There was a time in my life when I was being controlled, manipulated really, by an outside force. It started innocently enough, but over time, I was consumed. My hours and days revolved around this outside force. I have no one to blame except myself, I am the one that allowed it to control me.
We all make bad decisions in our youth. We are told that the most important thing is that we learn from those situations. Sometimes, the most important part is to learn before that decision affects your life, causing a butterfly effect that ripples throughout your lifetime.
For me that time was when I started smoking as a teenager. Slowly, over time, these things started to dictate my life. Most of my time became engrossed with thoughts of when I could get my next cigarette. Everything revolved around when I could get my next puff, my next nicotine fix. While there was a chemical addiction, the biggest part of it was the habit of getting a smoke at certain times. I was in the habit of looking forward to lighting up, I was in the habit of needing one. God forbid that I run out of cigarettes. I always had to ensure that I had enough to get me through my next shift.
I had sunk to becoming one of Pavlov’s dog’s, but instead of a bell it was other triggers. Getting in the car…ring…time to light up, stopping at a convenience store…ring…better get a pack, break time…ring, ring…go outside to light up. When I came to the realization that these little white sticks were controlling me, that’s when I got mad. Mad at myself for allowing it, mad at myself for letting it go on so long. I was ready to change things.
For those unfamiliar with Ivan Pavlov, he was a Russian neurologist who discovered that the dogs involved in his experiments would salivate almost on command when a sound was associated with their food. Basically, he would ring a bell right before he fed the dogs. Eventually, the dogs started to salivate at the sound of the bell, not the sight or smell of the food. They became accustomed to a pattern.
My entire existence had become finding the next opportunity for a cigarette, waiting for the next bell, as it were. It had consumed me. The warning labels tell us that smoking causes lung cancer, that it is harmful to fetuses. Commercials show us people who have suffered the long term health effects of smoking, but they never talk about the all consuming effect that they have on one’s life. We are not warned about the constant desire for the next one.
Once I recognized the problem and identified the triggers, I was able to change the habit. Not to say it was an easy habit to break, but identifying the triggers and avoiding them made it much easier, no more bells.

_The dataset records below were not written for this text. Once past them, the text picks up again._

(* Let $r\ge2$ be an integer, $n\in\mathbb N$, and $f\in\mathbb W^r$. Classify the indices $j\in\mathbb Z$ as follows: $j$ is of first type if $|f'(x)|\le c_1h^{r-1}$ for all $x\in I_j$; $j$ is of second type if it is not of first type and $|f'(x)|\ge h^{r-1}$ for all $x\in I_j$; all remaining indices are of third type. Then there do not exist $2r-3$ consecutive indices $j,j+1,\dots,j+2r-4$ all of third type (i.e. at most $2r-4$ consecutive indices can be of third type).
   Context: $\mathbb W^{r}$ is the class of $2\pi$-periodic functions whose derivative of order $r-1$ exists and is absolutely continuous and with $|f^{(r)}|\le1$ a.e. on $\mathbb R$. For fixed $n$: $x_j:=-j\pi/n$, $I_j:=[x_j,x_{j-1}]$, $h:=\pi/n$. The constant is $c_1:=\frac{(2r-3)^{r-1}}{(r-1)!}+(r-1)(2r-3)^{r-2}$; it has the property that whenever $g\in\mathbb W^{r-1}$ and there are points $t_\nu\in I_\nu$, $\nu=j,\dots,j+2(r-2)$, with $|g(t_\nu)|\le h^{r-1}$, then $|g(x)|\le c_1h^{r-1}$ on $\bigcup_{\nu=j}^{j+2(r-2)}I_\nu$. *)

theory Defs
  imports "HOL-Analysis.Analysis"
begin

definition abs_continuous_on :: "real \<Rightarrow> real \<Rightarrow> (real \<Rightarrow> real) \<Rightarrow> bool" where
  "abs_continuous_on a b g \<longleftrightarrow>
     (\<forall>\<epsilon>>0. \<exists>\<delta>>0. \<forall>(m::nat) (s::nat \<Rightarrow> real) (t::nat \<Rightarrow> real).
        (\<forall>k<m. a \<le> s k \<and> s k \<le> t k \<and> t k \<le> b) \<and>
        (\<forall>k<m. \<forall>l<m. k \<noteq> l \<longrightarrow> t k \<le> s l \<or> t l \<le> s k) \<and>
        (\<Sum>k<m. t k - s k) < \<delta>
        \<longrightarrow> (\<Sum>k<m. \<bar>g (t k) - g (s k)\<bar>) < \<epsilon>)"

definition W :: "nat \<Rightarrow> (real \<Rightarrow> real) \<Rightarrow> bool" where
  "W r f \<longleftrightarrow>
     (\<forall>x. f (x + 2 * pi) = f x) \<and>
     (\<forall>k < r - 1. \<forall>x. (deriv ^^ k) f differentiable (at x)) \<and>
     (\<forall>a b. abs_continuous_on a b ((deriv ^^ (r - 1)) f)) \<and>
     (AE x in lborel. \<exists>D. ((deriv ^^ (r - 1)) f has_real_derivative D) (at x) \<and> \<bar>D\<bar> \<le> 1)"

definition c1 :: "nat \<Rightarrow> real" where
  "c1 r = real ((2*r-3)^(r-1)) / fact (r-1) + real (r-1) * real ((2*r-3)^(r-2))"

definition hstep :: "nat \<Rightarrow> real" where
  "hstep n = pi / real n"

definition xpt :: "nat \<Rightarrow> int \<Rightarrow> real" where
  "xpt n j = - real_of_int j * pi / real n"

definition Ij :: "nat \<Rightarrow> int \<Rightarrow> real set" where
  "Ij n j = {xpt n j .. xpt n (j - 1)}"

definition first_type :: "nat \<Rightarrow> nat \<Rightarrow> (real \<Rightarrow> real) \<Rightarrow> int \<Rightarrow> bool" where
  "first_type r n f j \<longleftrightarrow> (\<forall>x\<in>Ij n j. \<bar>deriv f x\<bar> \<le> c1 r * hstep n ^ (r - 1))"

definition second_type :: "nat \<Rightarrow> nat \<Rightarrow> (real \<Rightarrow> real) \<Rightarrow> int \<Rightarrow> bool" where
  "second_type r n f j \<longleftrightarrow> \<not> first_type r n f j \<and> (\<forall>x\<in>Ij n j. \<bar>deriv f x\<bar> \<ge> hstep n ^ (r - 1))"

definition third_type :: "nat \<Rightarrow> nat \<Rightarrow> (real \<Rightarrow> real) \<Rightarrow> int \<Rightarrow> bool" where
  "third_type r n f j \<longleftrightarrow> \<not> first_type r n f j \<and> \<not> second_type r n f j"

end

theory Submission
  imports Defs
begin

text \<open>If \<open>j, \<dots>, j + 2r - 4\<close> were all of third type, \<open>g = f'\<close> would satisfy
  \<open>|g| < h^(r-1)\<close> at some point of each of these intervals and \<open>|g| > c1 h^(r-1)\<close> somewhere
  in \<open>I_j\<close>. The points chosen in every other interval give \<open>r - 1\<close> interpolation nodes, pairwise
  at least \<open>h\<close> apart and within \<open>(2r - 3)h\<close> of every point of the union. The Lagrange interpolant
  of \<open>g\<close> at these nodes is bounded by \<open>(r - 1)(2r - 3)^(r-2) h^(r-1)\<close>, and by repeated use of
  Rolle's theorem the interpolation error is bounded by \<open>(2r - 3)^(r-1) h^(r-1) / (r - 1)!\<close>, because
  \<open>f^(r-1)\<close> is 1-Lipschitz. The latter holds since \<open>f^(r-1)\<close> is absolutely continuous with
  derivative bounded by 1 almost everywhere: on a fine tagged division, the intervals with tags in the
  null set have small total length, and on the others the derivative controls the increments.
  Hence \<open>|g| \<le> c1 h^(r-1)\<close> on \<open>I_j\<close>, a contradiction.\<close>

section \<open>Absolutely continuous functions with bounded derivative\<close>

lemma abs_continuous_on_uminus:
  "abs_continuous_on a b G \<Longrightarrow> abs_continuous_on a b (\<lambda>x. - G x)"
  unfolding abs_continuous_on_def by (simp add: abs_minus_commute)

lemma tagged_division_of_real_interval:
  fixes D :: "(real \<times> real set) set"
  assumes "D tagged_division_of {a..b}" and "(x, K) \<in> D"
  obtains u v where "K = {u..v}" "u \<le> x" "x \<le> v" "a \<le> u" "v \<le> b"
proof -
  obtain u v where K: "K = cbox u v" using tagged_division_ofD(4)[OF assms] by blast
  have "x \<in> K" "K \<subseteq> {a..b}" using tagged_division_ofD(2,3)[OF assms] by auto
  then show ?thesis using K that by auto
qed

lemma tagged_division_sum_nondegenerate:
  fixes D :: "(real \<times> real set) set" and F :: "real set \<Rightarrow> real"
  assumes D: "D tagged_division_of {a..b}" and D1: "D1 \<subseteq> D" and F: "\<And>u. F {u..u} = 0"
  shows "(\<Sum>(x,K)\<in>D1. F K) = (\<Sum>(x,K)\<in>{p \<in> D1. measure lborel (snd p) > 0}. F K)"
proof (rule sum.mono_neutral_right)
  show "finite D1" using D D1 finite_subset by blast
  show "\<forall>p\<in>D1 - {p \<in> D1. measure lborel (snd p) > 0}. (case p of (x, K) \<Rightarrow> F K) = 0"
  proof
    fix p assume p: "p \<in> D1 - {p \<in> D1. measure lborel (snd p) > 0}"
    obtain x K where xK: "p = (x, K)" by fastforce
    have "(x, K) \<in> D" using p xK D1 by auto
    then obtain u v where K: "K = {u..v}" "u \<le> v"
      by (rule tagged_division_of_real_interval[OF D]) simp
    then have "u = v" using p xK by auto
    then show "(case p of (x, K) \<Rightarrow> F K) = 0" using K xK F by simp
  qed
qed auto

lemma tagged_division_intervals_nonoverlapping:
  fixes D :: "(real \<times> real set) set"
  assumes D: "D tagged_division_of S"
    and "(x, {s..t}) \<in> D" "(x', {s'..t'}) \<in> D" "(x, {s..t}) \<noteq> (x', {s'..t'})" "s < t" "s' < t'"
  shows "t \<le> s' \<or> t' \<le> s"
proof (rule ccontr)
  assume "\<not> (t \<le> s' \<or> t' \<le> s)"
  then have "(max s s' + min t t') / 2 \<in> {s<..<t} \<inter> {s'<..<t'}"
    using assms(5,6) by (auto simp: max_def min_def)
  moreover have "interior {s..t} \<inter> interior {s'..t'} = {}"
    using tagged_division_ofD(5)[OF D assms(2,3,4)] .
  ultimately show False by (auto simp: max_def min_def split: if_splits)
qed

lemma tagged_division_enumerate:
  fixes D :: "(real \<times> real set) set"
  assumes D: "D tagged_division_of {a..b}" and D2: "D2 \<subseteq> D"
    and pos: "\<And>p. p \<in> D2 \<Longrightarrow> measure lborel (snd p) > 0"
  obtains m :: nat and s t :: "nat \<Rightarrow> real" where
    "\<forall>k<m. a \<le> s k \<and> s k < t k \<and> t k \<le> b"
    "\<forall>k<m. \<forall>l<m. k \<noteq> l \<longrightarrow> t k \<le> s l \<or> t l \<le> s k"
    "\<And>F :: real set \<Rightarrow> real. (\<Sum>(x,K)\<in>D2. F K) = (\<Sum>k<m. F {s k..t k})"
proof -
  have "finite D2" using D D2 finite_subset by blast
  then obtain \<nu> where \<nu>: "bij_betw \<nu> {..<card D2} D2"
    using ex_bij_betw_nat_finite lessThan_atLeast0 by metis
  define m where "m = card D2"
  define s where "s k = Inf (snd (\<nu> k))" for k
  define t where "t k = Sup (snd (\<nu> k))" for k
  have \<nu>D: "\<nu> k \<in> D" "measure lborel (snd (\<nu> k)) > 0" if "k < m" for k
  proof -
    have "\<nu> k \<in> D2" using \<nu> that by (auto simp: m_def dest: bij_betwE)
    then show "\<nu> k \<in> D" "measure lborel (snd (\<nu> k)) > 0" using D2 pos by auto
  qed
  have st: "snd (\<nu> k) = {s k..t k} \<and> a \<le> s k \<and> s k < t k \<and> t k \<le> b" if k: "k < m" for k
  proof -
    obtain x K where xK: "\<nu> k = (x, K)" by fastforce
    obtain u v where "K = {u..v}" "u \<le> v" "a \<le> u" "v \<le> b"
      using tagged_division_of_real_interval[OF D] \<nu>D(1)[OF k] xK by (metis order_trans)
    with \<nu>D(2)[OF k] xK show ?thesis by (auto simp: s_def t_def)
  qed
  have "t k \<le> s l \<or> t l \<le> s k" if "k < m" "l < m" "k \<noteq> l" for k l
  proof -
    have "\<nu> k \<noteq> \<nu> l" using \<nu> that by (metis bij_betw_iff_bijections lessThan_iff m_def)
    then show ?thesis
      using tagged_division_intervals_nonoverlapping[OF D, of "fst (\<nu> k)" "s k" "t k" "fst (\<nu> l)" "s l" "t l"]
        \<nu>D(1) st that by (metis prod.collapse)
  qed
  moreover have "(\<Sum>(x,K)\<in>D2. F K) = (\<Sum>k<m. F {s k..t k})" for F :: "real set \<Rightarrow> real"
  proof -
    have "(\<Sum>(x,K)\<in>D2. F K) = (\<Sum>k<m. (\<lambda>(x,K). F K) (\<nu> k))"
      using sum.reindex_bij_betw[OF \<nu>, of "\<lambda>(x,K). F K"] m_def by simp
    also have "\<dots> = (\<Sum>k<m. F {s k..t k})"
      by (rule sum.cong) (use st in \<open>auto simp: case_prod_beta\<close>)
    finally show ?thesis .
  qed
  ultimately show ?thesis using st by (intro that[of m s t]) auto
qed

lemma tagged_division_interval_family:
  fixes D :: "(real \<times> real set) set"
  assumes D: "D tagged_division_of {a..b}" and D1: "D1 \<subseteq> D"
  obtains m :: nat and s t :: "nat \<Rightarrow> real" where
    "\<forall>k<m. a \<le> s k \<and> s k \<le> t k \<and> t k \<le> b"
    "\<forall>k<m. \<forall>l<m. k \<noteq> l \<longrightarrow> t k \<le> s l \<or> t l \<le> s k"
    "(\<Sum>k<m. t k - s k) = (\<Sum>(x,K)\<in>D1. measure lborel K)"
    "\<And>G :: real \<Rightarrow> real. (\<Sum>(x,K)\<in>D1. G (Sup K) - G (Inf K)) = (\<Sum>k<m. G (t k) - G (s k))"
proof -
  \<comment> \<open>Degenerate intervals contribute nothing but could violate the non-overlap condition.\<close>
  define D2 where "D2 = {p \<in> D1. measure lborel (snd p) > 0}"
  show ?thesis
  proof (rule tagged_division_enumerate[OF D, of D2])
    show "D2 \<subseteq> D" "\<And>p. p \<in> D2 \<Longrightarrow> measure lborel (snd p) > 0" using D1 by (auto simp: D2_def)
    fix m :: nat and s t :: "nat \<Rightarrow> real"
    assume st: "\<forall>k<m. a \<le> s k \<and> s k < t k \<and> t k \<le> b"
      "\<forall>k<m. \<forall>l<m. k \<noteq> l \<longrightarrow> t k \<le> s l \<or> t l \<le> s k"
      and sums: "\<And>F :: real set \<Rightarrow> real. (\<Sum>(x,K)\<in>D2. F K) = (\<Sum>k<m. F {s k..t k})"
    show ?thesis
    proof (rule that[of m s t])
      show "\<forall>k<m. a \<le> s k \<and> s k \<le> t k \<and> t k \<le> b" using st(1) by force
      show "\<forall>k<m. \<forall>l<m. k \<noteq> l \<longrightarrow> t k \<le> s l \<or> t l \<le> s k" using st(2) .
      have "(\<Sum>(x,K)\<in>D1. measure lborel K) = (\<Sum>(x,K)\<in>D2. measure lborel K)"
        unfolding D2_def by (rule tagged_division_sum_nondegenerate[OF D D1]) simp
      also have "\<dots> = (\<Sum>k<m. measure lborel {s k..t k})" by (rule sums)
      also have "\<dots> = (\<Sum>k<m. t k - s k)"
        using st(1) by (intro sum.cong refl) (simp add: content_real less_imp_le)
      finally show "(\<Sum>k<m. t k - s k) = (\<Sum>(x,K)\<in>D1. measure lborel K)" ..
      fix G :: "real \<Rightarrow> real"
      have "(\<Sum>(x,K)\<in>D1. G (Sup K) - G (Inf K)) = (\<Sum>(x,K)\<in>D2. G (Sup K) - G (Inf K))"
        unfolding D2_def by (rule tagged_division_sum_nondegenerate[OF D D1]) simp
      also have "\<dots> = (\<Sum>k<m. G (Sup {s k..t k}) - G (Inf {s k..t k}))"
        by (rule sums)
      also have "\<dots> = (\<Sum>k<m. G (t k) - G (s k))"
        using st(1) by (intro sum.cong refl) (simp add: less_imp_le)
      finally show "(\<Sum>(x,K)\<in>D1. G (Sup K) - G (Inf K)) = (\<Sum>k<m. G (t k) - G (s k))" .
    qed
  qed
qed

lemma abs_continuous_on_small_increment:
  assumes ac: "abs_continuous_on a b G" and e: "e > 0"
  obtains \<delta> where "\<delta> > 0"
    "\<And>D D1. D tagged_division_of {a..b} \<Longrightarrow> D1 \<subseteq> D \<Longrightarrow> (\<Sum>(x,K)\<in>D1. measure lborel K) < \<delta> \<Longrightarrow>
      (\<Sum>(x,K)\<in>D1. G (Sup K) - G (Inf K)) < e"
proof -
  obtain \<delta> where \<delta>: "\<delta> > 0" and small: "\<forall>(m::nat) (s::nat \<Rightarrow> real) (t::nat \<Rightarrow> real).
        (\<forall>k<m. a \<le> s k \<and> s k \<le> t k \<and> t k \<le> b) \<and>
        (\<forall>k<m. \<forall>l<m. k \<noteq> l \<longrightarrow> t k \<le> s l \<or> t l \<le> s k) \<and>
        (\<Sum>k<m. t k - s k) < \<delta>
        \<longrightarrow> (\<Sum>k<m. \<bar>G (t k) - G (s k)\<bar>) < e"
    using ac e unfolding abs_continuous_on_def by blast
  show ?thesis
  proof (rule that[OF \<delta>])
    fix D D1 assume D: "D tagged_division_of {a..b}" and D1: "D1 \<subseteq> D"
      and content: "(\<Sum>(x,K)\<in>D1. measure lborel K) < \<delta>"
    show "(\<Sum>(x,K)\<in>D1. G (Sup K) - G (Inf K)) < e"
    proof (rule tagged_division_interval_family[OF D D1])
      fix m :: nat and s t :: "nat \<Rightarrow> real"
      assume family: "\<forall>k<m. a \<le> s k \<and> s k \<le> t k \<and> t k \<le> b"
        "\<forall>k<m. \<forall>l<m. k \<noteq> l \<longrightarrow> t k \<le> s l \<or> t l \<le> s k"
        "(\<Sum>k<m. t k - s k) = (\<Sum>(x,K)\<in>D1. measure lborel K)"
        and increments: "\<And>G :: real \<Rightarrow> real.
          (\<Sum>(x,K)\<in>D1. G (Sup K) - G (Inf K)) = (\<Sum>k<m. G (t k) - G (s k))"
      have "(\<Sum>k<m. G (t k) - G (s k)) \<le> (\<Sum>k<m. \<bar>G (t k) - G (s k)\<bar>)"
        by (rule sum_mono) simp
      also have "\<dots> < e" using family content by (intro small[rule_format] conjI) simp_all
      finally show ?thesis unfolding increments .
    qed
  qed
qed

We all get into habits like this without realizing it. While it is not always as detrimental to our physical health, it can destroy our mental or emotional health, and even sabotage our lives. We get into the habit of negative thinking, the habit of self-deprecation or the habit of not believing in ourselves. Without realizing it, we become one of Pavlov’s dogs.
As runners, we tend to get into negative thought patterns which can lead to less than desired results either in our races or our training runs. In fact, they can outright destroy dreams. For some, one little thing going wrong in a race will have domino-like results in upcoming miles. A negative thought will fester in our mind and start to consume us. Before we know it, misery has consumed our minds, like the nicotine consumed my thoughts. The trick for runners is to know when a situation has taken a turn, when we are about to go down that spiral of despair, and realize that a trigger has happened. Then you must stop those negative thoughts before they cause the entire run to go off track.
We also tend to do this in life as well.
Negative thought patterns manipulate our decisions, guide our judgements. We refuse to step out of our comfort zone because we have a habit of telling ourselves that we are not worthy, that we cannot accomplish something great.
At least with cigarettes there is a tangible item to blame, the problem with negativity is that we often have nothing physical and no one source. The root cause could be some childhood incident, some discouragement from an adult, a failure on a school project, it could be any number of things that built up over time and started the pattern. In the end, the source does not matter as much as knowing the triggers and the pattern, then making the attempt to change them.
What have you missed in life because you were afraid to take a chance?